*** Opening of RECORDED INFORMATION ***

definition loewner_le :: "complex^'n^'n \<Rightarrow> complex^'n^'n \<Rightarrow> bool" where
  "loewner_le A B \<longleftrightarrow> psd (B - A)"

definition clinear_map :: "(complex^'n^'n \<Rightarrow> complex^'n^'n) \<Rightarrow> bool" where
  "clinear_map f \<longleftrightarrow> (\<forall>A B. f (A + B) = f A + f B) \<and> (\<forall>c A. f (cscale c A) = cscale c (f A))"

definition unital_schwarz :: "(complex^'n^'n \<Rightarrow> complex^'n^'n) \<Rightarrow> bool" where
  "unital_schwarz f \<longleftrightarrow> clinear_map f \<and> f (mat 1) = mat 1 \<and>
     (\<forall>a. loewner_le (cadj (f a) ** f a) (f (cadj a ** a)))"

definition primitive :: "(complex^'n^'n \<Rightarrow> complex^'n^'n) \<Rightarrow> bool" where
  "primitive f \<longleftrightarrow> (\<exists>n. \<forall>A. psd A \<and> A \<noteq> 0 \<longrightarrow> pos_def ((f ^^ n) A))"

definition mult_domain :: "(complex^'n^'n \<Rightarrow> complex^'n^'n) \<Rightarrow> (complex^'n^'n) set" where
  "mult_domain psi = {a. psi (cadj a ** a) = cadj (psi a) ** psi a \<and>
                         psi (a ** cadj a) = psi a ** cadj (psi a)}"

definition kappa :: "(complex^'n^'n \<Rightarrow> complex^'n^'n) \<Rightarrow> nat" where
  "kappa f = (LEAST k. (\<Inter>n. mult_domain (f ^^ n)) = mult_domain (f ^^ k))"

end

theory Submission
  imports Defs
begin

text \<open>A unital Schwarz map is positive, since every psd matrix is a sum of rank-one matrices
  cadj R ** R, and it preserves adjoints. Equality in the Schwarz inequality at a forces
  f (cadj b ** a) = cadj (f b) ** f a for all b, so multiplicative domains are subspaces. Primitivity
  makes every power of phi faithful, and for faithful f the multiplicative domain of f \<circ> g consists
  of the a in that of g with g a in that of f. Applied to phi ^^ Suc n = phi \<circ> phi ^^ n and to
  phi ^^ Suc n = phi ^^ n \<circ> phi this shows that the domains M n decrease and that
  M (n + 1) = {a \<in> M 1. phi a \<in> M n}; hence once M n = M (n + 1) the chain is constant from n on.
  Being subspaces of a finite-dimensional space, the M n do stabilise, and kappa phi is the first
  index where they do.\<close>

lemma cadj_cadj [simp]: "cadj (cadj A) = A"
  by (simp add: cadj_def vec_eq_iff)

lemma cadj_0 [simp]: "cadj 0 = 0"
  by (simp add: cadj_def vec_eq_iff)

lemma cadj_add: "cadj (A + B) = cadj A + cadj B"
  by (simp add: cadj_def vec_eq_iff)

lemma cadj_cscale: "cadj (cscale c A) = cscale (cnj c) (cadj A)"
  by (simp add: cadj_def cscale_def vec_eq_iff)

lemma cadj_scaleR: "cadj (r *\<^sub>R A) = r *\<^sub>R cadj A"
  by (simp add: cadj_def vec_eq_iff; simp add: scaleR_conv_of_real)

lemma cadj_mat_1 [simp]: "cadj (mat 1 :: complex^'n^'n) = mat 1"
  by (simp add: cadj_def mat_def vec_eq_iff)

lemma cscale_0_left [simp]: "cscale 0 A = 0"
  by (simp add: cscale_def vec_eq_iff)

lemma cscale_0_right [simp]: "cscale c 0 = 0"
  by (simp add: cscale_def vec_eq_iff)

lemma cscale_add: "cscale c (A + B) = cscale c A + cscale c B"
  by (simp add: cscale_def vec_eq_iff algebra_simps)

lemma cscale_diff: "cscale c (A - B) = cscale c A - cscale c B"
  by (simp add: cscale_def vec_eq_iff algebra_simps)

lemma cscale_cscale: "cscale c (cscale d A) = cscale (c * d) A"
  by (simp add: cscale_def vec_eq_iff)

lemma cscale_of_real: "cscale (of_real r) A = r *\<^sub>R A"
  by (simp add: cscale_def vec_eq_iff; simp add: scaleR_conv_of_real)

lemma cscale_minus_1: "cscale (-1) A = - A"
  by (simp add: cscale_def vec_eq_iff)

lemma cscale_matrix_mult: "cscale c A ** B = cscale c (A ** B)"
  by (simp add: cscale_def matrix_matrix_mult_def vec_eq_iff sum_distrib_left mult.assoc)

lemma matrix_mult_cscale: "A ** cscale c B = cscale c (A ** B)"
  by (simp add: cscale_def matrix_matrix_mult_def vec_eq_iff sum_distrib_left mult_ac)

lemma matrix_add_rdistrib: "(A + B) ** C = A ** C + B ** (C :: 'a::semiring_1^'p^'n)"
  by (simp add: matrix_matrix_mult_def vec_eq_iff algebra_simps sum.distrib)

*** Close of RECORDED INFORMATION ***

◆ EXERCISE DIRECTIONS:
List each line of the entries that holds the string "forall".

◆ SOLUTION TO THE EXERCISE:
  "clinear_map f \<longleftrightarrow> (\<forall>A B. f (A + B) = f A + f B) \<and> (\<forall>c A. f (cscale c A) = cscale c (f A))"
     (\<forall>a. loewner_le (cadj (f a) ** f a) (f (cadj a ** a)))"
  "primitive f \<longleftrightarrow> (\<exists>n. \<forall>A. psd A \<and> A \<noteq> 0 \<longrightarrow> pos_def ((f ^^ n) A))"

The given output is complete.